*Task to carry out:* What is the number of lines below that contain the string "imports"? Give it and nothing else.
── Materials provided ──
(* Let $1<p<\infty$, let $u$ be a weight on $\mathbb R$ and let $w\in B_{p,\infty}$ be a weight on $(0,\infty)$. Then, with constants independent of $E$, for every measurable set $E\subset\mathbb R$, $$\|\chi_E\|_{(\Lambda^{p,\infty}_u(w))'}\approx\frac{u(E)}{W^{1/p}(u(E))}.$$
   Context: A weight $u$ on $\mathbb R$ is locally integrable with $u>0$ a.e.; $u(E)=\int_Eu$. A weight $w$ on $(0,\infty)$ is nonnegative locally integrable, $W(t)=\int_0^tw$. $f^*_u(t)=\inf\{y>0:u(\{|f|>y\})\le t\}$; $\|f\|_{\Lambda^{p,\infty}_u(w)}=\sup_{t>0}f^*_u(t)W(t)^{1/p}$. The associate space $(\Lambda^{p,\infty}_u(w))'$ consists of measurable $g$ with $\|g\|_{(\Lambda^{p,\infty}_u(w))'}=\sup\left\{\left|\int_{\mathbb R}fgu\right|/\|f\|_{\Lambda^{p,\infty}_u(w)}: f\in\Lambda^{p,\infty}_u(w)\right\}<\infty$. $w\in B_{p,\infty}$ means that the Hardy operator $Pf(t)=\frac1t\int_0^tf(s)\,ds$ satisfies $\sup_{\lambda>0}\lambda\left(\int_{\{Pf>\lambda\}}w\right)^{1/p}\le C\left(\int_0^\infty f^pw\right)^{1/p}$ for all nonnegative decreasing $f$ on $(0,\infty)$. $A\approx B$ means $C^{-1}B\le A\le CB$. *)

theory Defs
  imports "HOL-Analysis.Analysis"
begin

definition enn_powr :: "ennreal \<Rightarrow> real \<Rightarrow> ennreal" where
  "enn_powr x a = (if x = top then top else ennreal (enn2real x powr a))"

definition weight_R :: "(real \<Rightarrow> real) \<Rightarrow> bool" where
  "weight_R u \<longleftrightarrow> u \<in> borel_measurable lebesgue
     \<and> (\<forall>K. compact K \<longrightarrow> set_integrable lebesgue K u)
     \<and> (AE x in lebesgue. 0 < u x)"

definition weight_pos :: "(real \<Rightarrow> real) \<Rightarrow> bool" where
  "weight_pos w \<longleftrightarrow> (\<forall>t>0. 0 \<le> w t) \<and> (\<forall>t>0. set_integrable lebesgue {0<..t} w)"

definition umeas :: "(real \<Rightarrow> real) \<Rightarrow> real set \<Rightarrow> ennreal" where
  "umeas u E = (\<integral>\<^sup>+ x\<in>E. ennreal (u x) \<partial>lebesgue)"

definition Wfun :: "(real \<Rightarrow> real) \<Rightarrow> real \<Rightarrow> real" where
  "Wfun w t = (LINT s:{0<..t}|lebesgue. w s)"

definition rearr :: "(real \<Rightarrow> real) \<Rightarrow> (real \<Rightarrow> real) \<Rightarrow> real \<Rightarrow> ennreal" where
  "rearr u f t = Inf (ennreal ` {y::real. y > 0 \<and> umeas u {x. \<bar>f x\<bar> > y} \<le> ennreal t})"

definition lorentz_norm :: "real \<Rightarrow> (real \<Rightarrow> real) \<Rightarrow> (real \<Rightarrow> real) \<Rightarrow> (real \<Rightarrow> real) \<Rightarrow> ennreal" where
  "lorentz_norm p u w f = (SUP t\<in>{0<..}. rearr u f t * ennreal (Wfun w t powr (1/p)))"

definition in_lorentz :: "real \<Rightarrow> (real \<Rightarrow> real) \<Rightarrow> (real \<Rightarrow> real) \<Rightarrow> (real \<Rightarrow> real) \<Rightarrow> bool" where
  "in_lorentz p u w f \<longleftrightarrow> f \<in> borel_measurable lebesgue \<and> lorentz_norm p u w f < top"

definition assoc_norm :: "real \<Rightarrow> (real \<Rightarrow> real) \<Rightarrow> (real \<Rightarrow> real) \<Rightarrow> (real \<Rightarrow> real) \<Rightarrow> ennreal" where
  "assoc_norm p u w g = (SUP f\<in>{f. in_lorentz p u w f \<and> lorentz_norm p u w f \<noteq> 0}.
      (if integrable lebesgue (\<lambda>x. f x * g x * u x)
       then ennreal \<bar>\<integral>x. f x * g x * u x \<partial>lebesgue\<bar> / lorentz_norm p u w f
       else top))"

definition hardyP :: "(real \<Rightarrow> real) \<Rightarrow> real \<Rightarrow> ennreal" where
  "hardyP f t = ennreal (1 / t) * (\<integral>\<^sup>+ s\<in>{0<..t}. ennreal (f s) \<partial>lebesgue)"

definition B_p_infty :: "real \<Rightarrow> (real \<Rightarrow> real) \<Rightarrow> bool" where
  "B_p_infty p w \<longleftrightarrow> (\<exists>C. \<forall>f. (\<forall>t>0. 0 \<le> f t) \<and> antimono_on {0<..} f \<longrightarrow>
      (\<forall>lam>0. ennreal lam * enn_powr (\<integral>\<^sup>+ t\<in>{t. t > 0 \<and> hardyP f t > ennreal lam}. ennreal (w t) \<partial>lebesgue) (1/p)
        \<le> ennreal C * enn_powr (\<integral>\<^sup>+ t\<in>{0<..}. ennreal (f t powr p * w t) \<partial>lebesgue) (1/p)))"

end

theory Submission
  imports Defs
begin

text \<open>
  Testing the weak-type Hardy inequality that defines B_{p,oo} on the normalised indicators
  chi_(0,s] / s shows that W(t) / t^p is quasi-decreasing, and testing it on the dyadic sums
  sum_{j<=m} chi_(0,2^j s] / (2^j s) shows that, for m large, W(t) / t^p at least halves
  between s and 2^m s. Equivalently, psi(t) = t / W(t)^(1/p) grows geometrically along
  t, 2^m t, 4^m t, ...

  The lower bound comes from testing the associate norm on chi_E, whose Lorentz norm is at
  most W(u(E))^(1/p). For the upper bound, a Lorentz norm at most N gives
  u({|f| > 2N / W(t)^(1/p)}) <= t; slicing |f| at these levels for t = u(E) / 2^(mk) bounds
  the integral of |f| u over E by a geometric series summing to a multiple of N psi(u(E)).
  If W vanishes somewhere, quasi-monotonicity forces W = 0 and both sides vanish.
\<close>

lemma
  assumes "weight_pos w" "0 < t"
  shows nn_integral_weight_Ioc: "(\<integral>\<^sup>+x\<in>{0<..t}. ennreal (w x) \<partial>lebesgue) = ennreal (Wfun w t)"
    and Wfun_nonneg: "0 \<le> Wfun w t"
proof -
  have int: "integrable lebesgue (\<lambda>x. indicator {0<..t} x * w x)"
    using assms unfolding weight_pos_def set_integrable_def by auto
  have nonneg: "AE x in lebesgue. 0 \<le> indicator {0<..t} x * w x"
    using assms unfolding weight_pos_def by (auto simp: indicator_def)
  have "(\<integral>\<^sup>+x\<in>{0<..t}. ennreal (w x) \<partial>lebesgue) = (\<integral>\<^sup>+x. ennreal (indicator {0<..t} x * w x) \<partial>lebesgue)"
    by (intro nn_integral_cong) (auto simp: indicator_def)
  also have "\<dots> = ennreal (Wfun w t)"
    unfolding nn_integral_eq_integral[OF int nonneg] Wfun_def set_lebesgue_integral_def by simp
  finally show "(\<integral>\<^sup>+x\<in>{0<..t}. ennreal (w x) \<partial>lebesgue) = ennreal (Wfun w t)" .
  show "0 \<le> Wfun w t"
    unfolding Wfun_def set_lebesgue_integral_def using integral_nonneg_AE[OF nonneg] by simp
qed

lemma Wfun_mono:
  assumes "weight_pos w" "0 < a" "a \<le> b"
  shows "Wfun w a \<le> Wfun w b"
proof -
  have "ennreal (Wfun w a) \<le> ennreal (Wfun w b)"
    using assms by (auto simp: nn_integral_weight_Ioc[symmetric] indicator_def intro!: nn_integral_mono)
  then show ?thesis
    using Wfun_nonneg[OF assms(1), of b] assms by simp
qed

lemma weight_pos_Ioc_measurable:
  assumes "weight_pos w" "0 < t"
  shows "(\<lambda>x. ennreal (w x) * indicator {0<..t} x) \<in> borel_measurable lebesgue"
proof -
  have "integrable lebesgue (\<lambda>x. indicator {0<..t} x * w x)"
    using assms unfolding weight_pos_def set_integrable_def by auto
  then have "(\<lambda>x. ennreal (indicator {0<..t} x * w x)) \<in> borel_measurable lebesgue"
    by measurable
  moreover have "(\<lambda>x. ennreal (indicator {0<..t} x * w x)) = (\<lambda>x. ennreal (w x) * indicator {0<..t} x)"
    by (auto simp: indicator_def)
  ultimately show ?thesis
    by simp
qed

lemma umeas_mono: "A \<subseteq> B \<Longrightarrow> umeas u A \<le> umeas u B"
  unfolding umeas_def by (intro nn_integral_mono) (auto simp: indicator_def)

lemma umeas_empty [simp]: "umeas u {} = 0"
  by (simp add: umeas_def)

lemma enn_powr_ennreal: "0 \<le> x \<Longrightarrow> enn_powr (ennreal x) a = ennreal (x powr a)"
  unfolding enn_powr_def by simp

lemma enn_powr_mono: "x \<le> y \<Longrightarrow> 0 < a \<Longrightarrow> enn_powr x a \<le> enn_powr y a"
  by (cases x; cases y) (auto simp: enn_powr_ennreal enn_powr_def top_unique intro!: powr_mono2)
───
*Result:* 2